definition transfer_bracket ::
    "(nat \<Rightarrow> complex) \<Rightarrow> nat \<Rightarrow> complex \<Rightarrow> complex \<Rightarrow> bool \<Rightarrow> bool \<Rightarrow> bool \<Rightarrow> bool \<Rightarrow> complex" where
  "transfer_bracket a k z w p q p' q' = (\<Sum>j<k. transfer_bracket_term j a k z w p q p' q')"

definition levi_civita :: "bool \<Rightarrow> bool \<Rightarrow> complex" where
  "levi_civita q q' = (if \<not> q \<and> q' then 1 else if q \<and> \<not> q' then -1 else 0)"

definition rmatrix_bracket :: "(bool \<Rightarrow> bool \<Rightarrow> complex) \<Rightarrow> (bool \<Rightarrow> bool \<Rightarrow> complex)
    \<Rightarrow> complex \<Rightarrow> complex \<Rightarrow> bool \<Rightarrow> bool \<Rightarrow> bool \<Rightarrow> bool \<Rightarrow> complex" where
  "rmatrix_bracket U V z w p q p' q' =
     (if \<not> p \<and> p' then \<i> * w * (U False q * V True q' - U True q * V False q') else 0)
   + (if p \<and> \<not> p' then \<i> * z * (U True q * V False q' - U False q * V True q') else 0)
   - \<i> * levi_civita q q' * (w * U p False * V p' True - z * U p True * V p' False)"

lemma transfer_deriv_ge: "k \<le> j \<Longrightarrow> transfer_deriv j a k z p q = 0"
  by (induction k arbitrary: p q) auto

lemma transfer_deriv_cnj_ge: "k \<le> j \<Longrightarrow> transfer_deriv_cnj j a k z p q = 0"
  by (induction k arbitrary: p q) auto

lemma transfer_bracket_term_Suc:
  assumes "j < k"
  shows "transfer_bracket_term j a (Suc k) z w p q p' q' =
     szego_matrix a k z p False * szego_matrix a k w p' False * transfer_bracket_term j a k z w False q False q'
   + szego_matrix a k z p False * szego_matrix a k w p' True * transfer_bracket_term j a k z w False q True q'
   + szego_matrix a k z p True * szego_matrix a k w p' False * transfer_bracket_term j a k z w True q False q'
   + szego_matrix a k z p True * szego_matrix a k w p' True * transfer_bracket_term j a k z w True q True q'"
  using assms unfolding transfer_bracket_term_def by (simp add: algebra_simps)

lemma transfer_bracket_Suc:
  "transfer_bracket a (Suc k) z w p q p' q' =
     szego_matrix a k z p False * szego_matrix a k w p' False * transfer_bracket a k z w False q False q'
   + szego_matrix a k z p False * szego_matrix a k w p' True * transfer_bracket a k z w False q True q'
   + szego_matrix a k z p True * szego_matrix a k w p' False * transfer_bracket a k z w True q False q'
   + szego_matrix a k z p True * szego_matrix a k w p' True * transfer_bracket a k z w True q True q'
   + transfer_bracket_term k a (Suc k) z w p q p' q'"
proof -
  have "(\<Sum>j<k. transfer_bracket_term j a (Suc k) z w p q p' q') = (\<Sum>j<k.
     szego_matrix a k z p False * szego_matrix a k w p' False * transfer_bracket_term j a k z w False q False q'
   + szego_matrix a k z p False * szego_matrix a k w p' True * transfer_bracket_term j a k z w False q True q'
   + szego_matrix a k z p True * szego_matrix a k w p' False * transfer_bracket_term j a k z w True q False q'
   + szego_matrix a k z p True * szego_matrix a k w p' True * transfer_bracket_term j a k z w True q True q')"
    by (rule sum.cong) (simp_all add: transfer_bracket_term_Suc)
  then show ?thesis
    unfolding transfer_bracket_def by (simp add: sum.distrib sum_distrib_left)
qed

^^^^^^^^^^^^^^^^

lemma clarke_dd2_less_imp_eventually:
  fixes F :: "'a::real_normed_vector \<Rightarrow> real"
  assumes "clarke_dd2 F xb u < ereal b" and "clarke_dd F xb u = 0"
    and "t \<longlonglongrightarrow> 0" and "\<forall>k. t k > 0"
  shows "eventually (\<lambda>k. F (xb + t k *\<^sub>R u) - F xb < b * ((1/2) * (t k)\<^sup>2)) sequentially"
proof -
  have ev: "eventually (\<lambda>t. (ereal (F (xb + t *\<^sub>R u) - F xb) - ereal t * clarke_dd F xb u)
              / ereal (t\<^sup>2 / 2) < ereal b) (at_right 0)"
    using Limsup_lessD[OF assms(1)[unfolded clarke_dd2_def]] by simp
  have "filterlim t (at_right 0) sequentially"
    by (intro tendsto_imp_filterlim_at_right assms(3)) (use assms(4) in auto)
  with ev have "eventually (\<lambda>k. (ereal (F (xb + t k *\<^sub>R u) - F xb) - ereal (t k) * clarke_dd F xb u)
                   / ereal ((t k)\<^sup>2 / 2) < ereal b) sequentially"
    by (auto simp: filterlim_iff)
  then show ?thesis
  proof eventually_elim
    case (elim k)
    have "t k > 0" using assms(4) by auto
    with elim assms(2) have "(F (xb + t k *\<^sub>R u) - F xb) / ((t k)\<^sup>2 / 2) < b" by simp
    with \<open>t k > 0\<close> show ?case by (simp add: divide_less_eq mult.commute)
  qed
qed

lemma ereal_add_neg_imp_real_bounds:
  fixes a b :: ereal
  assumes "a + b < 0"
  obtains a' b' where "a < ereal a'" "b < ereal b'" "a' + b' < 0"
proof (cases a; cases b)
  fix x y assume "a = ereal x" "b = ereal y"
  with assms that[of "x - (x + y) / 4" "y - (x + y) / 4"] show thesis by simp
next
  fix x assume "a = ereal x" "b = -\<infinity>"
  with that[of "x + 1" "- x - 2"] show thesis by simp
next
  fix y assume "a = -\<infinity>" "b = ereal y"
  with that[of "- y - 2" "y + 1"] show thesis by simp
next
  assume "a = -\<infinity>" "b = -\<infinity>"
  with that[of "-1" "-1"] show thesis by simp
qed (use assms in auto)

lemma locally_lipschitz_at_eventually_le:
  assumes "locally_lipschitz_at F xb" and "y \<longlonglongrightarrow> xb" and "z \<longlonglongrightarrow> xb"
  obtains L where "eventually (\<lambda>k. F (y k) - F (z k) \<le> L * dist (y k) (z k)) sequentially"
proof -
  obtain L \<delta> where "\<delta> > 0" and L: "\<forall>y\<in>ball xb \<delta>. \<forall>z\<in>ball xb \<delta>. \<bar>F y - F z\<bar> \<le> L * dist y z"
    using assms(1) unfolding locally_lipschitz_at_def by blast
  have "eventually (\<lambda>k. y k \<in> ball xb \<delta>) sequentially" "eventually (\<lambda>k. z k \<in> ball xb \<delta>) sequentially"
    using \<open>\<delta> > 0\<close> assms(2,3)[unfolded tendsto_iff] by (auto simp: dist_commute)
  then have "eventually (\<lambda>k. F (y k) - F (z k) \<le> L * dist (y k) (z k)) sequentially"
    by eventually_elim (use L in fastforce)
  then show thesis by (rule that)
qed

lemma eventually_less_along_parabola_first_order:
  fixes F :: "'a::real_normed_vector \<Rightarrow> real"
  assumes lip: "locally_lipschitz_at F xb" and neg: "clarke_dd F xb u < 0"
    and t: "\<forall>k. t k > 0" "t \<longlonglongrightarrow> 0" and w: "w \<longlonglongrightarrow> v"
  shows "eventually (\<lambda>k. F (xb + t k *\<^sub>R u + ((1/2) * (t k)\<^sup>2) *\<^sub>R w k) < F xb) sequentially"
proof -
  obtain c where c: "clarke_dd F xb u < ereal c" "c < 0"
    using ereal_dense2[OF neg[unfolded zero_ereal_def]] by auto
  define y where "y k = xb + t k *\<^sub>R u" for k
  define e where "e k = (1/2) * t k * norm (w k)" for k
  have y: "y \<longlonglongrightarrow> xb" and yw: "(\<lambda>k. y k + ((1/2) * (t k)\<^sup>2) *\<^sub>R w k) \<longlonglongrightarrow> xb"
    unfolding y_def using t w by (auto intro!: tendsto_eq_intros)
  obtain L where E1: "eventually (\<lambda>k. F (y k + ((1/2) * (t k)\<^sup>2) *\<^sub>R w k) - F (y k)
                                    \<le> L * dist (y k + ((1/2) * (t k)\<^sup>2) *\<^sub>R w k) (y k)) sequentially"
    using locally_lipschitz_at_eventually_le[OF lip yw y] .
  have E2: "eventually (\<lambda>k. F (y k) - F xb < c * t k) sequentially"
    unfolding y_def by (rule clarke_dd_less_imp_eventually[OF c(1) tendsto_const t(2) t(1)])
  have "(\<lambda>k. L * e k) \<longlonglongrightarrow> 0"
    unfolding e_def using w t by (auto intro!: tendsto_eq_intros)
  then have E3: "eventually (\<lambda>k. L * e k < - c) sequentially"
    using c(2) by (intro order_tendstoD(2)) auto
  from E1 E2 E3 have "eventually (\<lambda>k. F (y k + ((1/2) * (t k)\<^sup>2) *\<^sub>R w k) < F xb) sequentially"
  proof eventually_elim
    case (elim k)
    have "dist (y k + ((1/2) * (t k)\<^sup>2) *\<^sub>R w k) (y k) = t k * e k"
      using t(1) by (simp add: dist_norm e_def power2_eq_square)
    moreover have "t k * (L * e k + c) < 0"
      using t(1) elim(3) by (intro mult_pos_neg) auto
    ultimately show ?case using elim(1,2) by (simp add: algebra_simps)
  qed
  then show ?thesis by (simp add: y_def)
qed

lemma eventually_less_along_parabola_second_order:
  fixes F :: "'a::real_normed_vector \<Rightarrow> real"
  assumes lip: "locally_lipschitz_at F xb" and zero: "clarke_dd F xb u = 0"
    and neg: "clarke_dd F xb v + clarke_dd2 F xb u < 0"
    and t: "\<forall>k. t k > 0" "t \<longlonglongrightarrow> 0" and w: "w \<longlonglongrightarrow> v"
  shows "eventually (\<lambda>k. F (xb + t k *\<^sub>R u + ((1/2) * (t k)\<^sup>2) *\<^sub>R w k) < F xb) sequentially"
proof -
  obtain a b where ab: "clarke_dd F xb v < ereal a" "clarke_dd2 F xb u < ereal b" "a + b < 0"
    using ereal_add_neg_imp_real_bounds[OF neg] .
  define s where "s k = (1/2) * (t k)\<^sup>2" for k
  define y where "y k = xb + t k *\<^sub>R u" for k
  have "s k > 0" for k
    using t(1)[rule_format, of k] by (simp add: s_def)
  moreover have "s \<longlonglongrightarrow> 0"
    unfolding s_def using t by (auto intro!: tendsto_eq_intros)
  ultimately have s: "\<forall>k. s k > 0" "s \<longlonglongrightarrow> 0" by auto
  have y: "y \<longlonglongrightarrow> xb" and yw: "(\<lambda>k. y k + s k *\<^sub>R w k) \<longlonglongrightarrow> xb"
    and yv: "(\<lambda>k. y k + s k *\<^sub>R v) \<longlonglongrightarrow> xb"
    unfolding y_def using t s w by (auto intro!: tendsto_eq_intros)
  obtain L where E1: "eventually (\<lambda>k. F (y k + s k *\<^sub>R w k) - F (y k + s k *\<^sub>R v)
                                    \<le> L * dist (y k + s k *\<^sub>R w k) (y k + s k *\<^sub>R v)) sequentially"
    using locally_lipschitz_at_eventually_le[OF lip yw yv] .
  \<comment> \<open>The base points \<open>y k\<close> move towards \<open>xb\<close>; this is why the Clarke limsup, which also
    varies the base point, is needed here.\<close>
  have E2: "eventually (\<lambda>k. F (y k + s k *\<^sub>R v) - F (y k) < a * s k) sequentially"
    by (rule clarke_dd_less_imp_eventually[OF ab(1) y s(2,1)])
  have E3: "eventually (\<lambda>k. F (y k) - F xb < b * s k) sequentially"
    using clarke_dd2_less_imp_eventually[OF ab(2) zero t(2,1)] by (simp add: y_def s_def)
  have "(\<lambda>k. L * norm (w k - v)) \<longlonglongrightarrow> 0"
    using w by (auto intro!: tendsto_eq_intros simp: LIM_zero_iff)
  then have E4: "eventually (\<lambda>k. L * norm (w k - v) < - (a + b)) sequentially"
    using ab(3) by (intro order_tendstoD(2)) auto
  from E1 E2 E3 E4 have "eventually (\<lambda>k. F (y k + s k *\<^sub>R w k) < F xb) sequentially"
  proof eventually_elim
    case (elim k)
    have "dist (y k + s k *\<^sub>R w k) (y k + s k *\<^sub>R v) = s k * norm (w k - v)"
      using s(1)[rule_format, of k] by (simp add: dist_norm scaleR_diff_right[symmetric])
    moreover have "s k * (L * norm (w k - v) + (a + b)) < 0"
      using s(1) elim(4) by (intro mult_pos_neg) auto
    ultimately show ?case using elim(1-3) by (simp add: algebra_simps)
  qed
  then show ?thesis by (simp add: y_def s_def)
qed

^^^^^^^^^^^^^^^^

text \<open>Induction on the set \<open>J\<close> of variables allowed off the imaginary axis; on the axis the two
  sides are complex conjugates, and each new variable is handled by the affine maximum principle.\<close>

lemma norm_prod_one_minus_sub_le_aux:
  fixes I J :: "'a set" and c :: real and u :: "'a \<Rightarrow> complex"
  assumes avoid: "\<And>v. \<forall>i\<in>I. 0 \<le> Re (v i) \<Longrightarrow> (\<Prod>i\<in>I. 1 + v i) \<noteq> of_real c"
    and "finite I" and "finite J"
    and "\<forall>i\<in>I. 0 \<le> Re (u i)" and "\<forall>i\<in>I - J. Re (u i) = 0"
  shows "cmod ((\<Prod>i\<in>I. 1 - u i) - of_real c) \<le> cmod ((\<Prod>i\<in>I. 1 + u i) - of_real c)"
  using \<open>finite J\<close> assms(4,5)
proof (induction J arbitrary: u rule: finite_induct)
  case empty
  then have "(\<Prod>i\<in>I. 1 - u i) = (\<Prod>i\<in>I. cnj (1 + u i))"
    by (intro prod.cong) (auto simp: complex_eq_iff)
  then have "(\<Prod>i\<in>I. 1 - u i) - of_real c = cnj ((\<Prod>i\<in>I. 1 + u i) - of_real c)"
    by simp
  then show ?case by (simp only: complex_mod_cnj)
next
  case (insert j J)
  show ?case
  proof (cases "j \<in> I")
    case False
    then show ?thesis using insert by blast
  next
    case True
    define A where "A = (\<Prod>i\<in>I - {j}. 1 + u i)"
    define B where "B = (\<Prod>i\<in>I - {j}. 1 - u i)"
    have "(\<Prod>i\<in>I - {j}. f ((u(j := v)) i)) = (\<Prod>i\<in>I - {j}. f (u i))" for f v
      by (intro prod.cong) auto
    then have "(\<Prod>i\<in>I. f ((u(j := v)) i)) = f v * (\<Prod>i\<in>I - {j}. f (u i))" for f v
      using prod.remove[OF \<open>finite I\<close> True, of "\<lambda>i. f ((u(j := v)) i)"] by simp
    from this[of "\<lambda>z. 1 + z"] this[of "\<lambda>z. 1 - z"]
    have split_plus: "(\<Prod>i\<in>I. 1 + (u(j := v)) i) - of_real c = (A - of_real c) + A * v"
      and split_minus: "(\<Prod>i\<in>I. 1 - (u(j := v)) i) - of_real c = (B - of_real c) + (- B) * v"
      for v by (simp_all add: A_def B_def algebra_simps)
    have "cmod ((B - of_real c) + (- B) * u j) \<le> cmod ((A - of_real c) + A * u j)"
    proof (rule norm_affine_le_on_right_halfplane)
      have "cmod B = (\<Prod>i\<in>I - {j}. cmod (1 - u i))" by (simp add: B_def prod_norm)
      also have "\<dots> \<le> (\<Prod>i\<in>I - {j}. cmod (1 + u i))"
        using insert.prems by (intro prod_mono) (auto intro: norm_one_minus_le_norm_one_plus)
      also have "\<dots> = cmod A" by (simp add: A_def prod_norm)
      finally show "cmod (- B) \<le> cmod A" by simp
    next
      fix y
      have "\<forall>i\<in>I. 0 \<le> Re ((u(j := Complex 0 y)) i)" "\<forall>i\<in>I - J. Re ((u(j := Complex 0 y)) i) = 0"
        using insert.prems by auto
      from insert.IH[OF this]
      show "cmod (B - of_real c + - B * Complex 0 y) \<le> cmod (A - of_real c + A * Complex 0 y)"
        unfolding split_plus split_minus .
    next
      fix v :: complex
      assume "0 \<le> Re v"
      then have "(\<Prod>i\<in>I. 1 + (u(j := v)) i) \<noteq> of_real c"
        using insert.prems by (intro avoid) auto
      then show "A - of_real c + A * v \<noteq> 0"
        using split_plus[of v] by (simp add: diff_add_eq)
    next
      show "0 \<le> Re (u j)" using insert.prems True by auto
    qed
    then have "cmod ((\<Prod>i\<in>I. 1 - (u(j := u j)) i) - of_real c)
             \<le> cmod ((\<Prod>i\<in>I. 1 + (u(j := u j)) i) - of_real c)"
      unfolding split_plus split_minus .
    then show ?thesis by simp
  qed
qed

^^^^^^^^^^^^^^^^

WHAT IS REQUIRED:
How many lines above include the word "define"? Answer with the number alone.

COMPLETED TASK:
6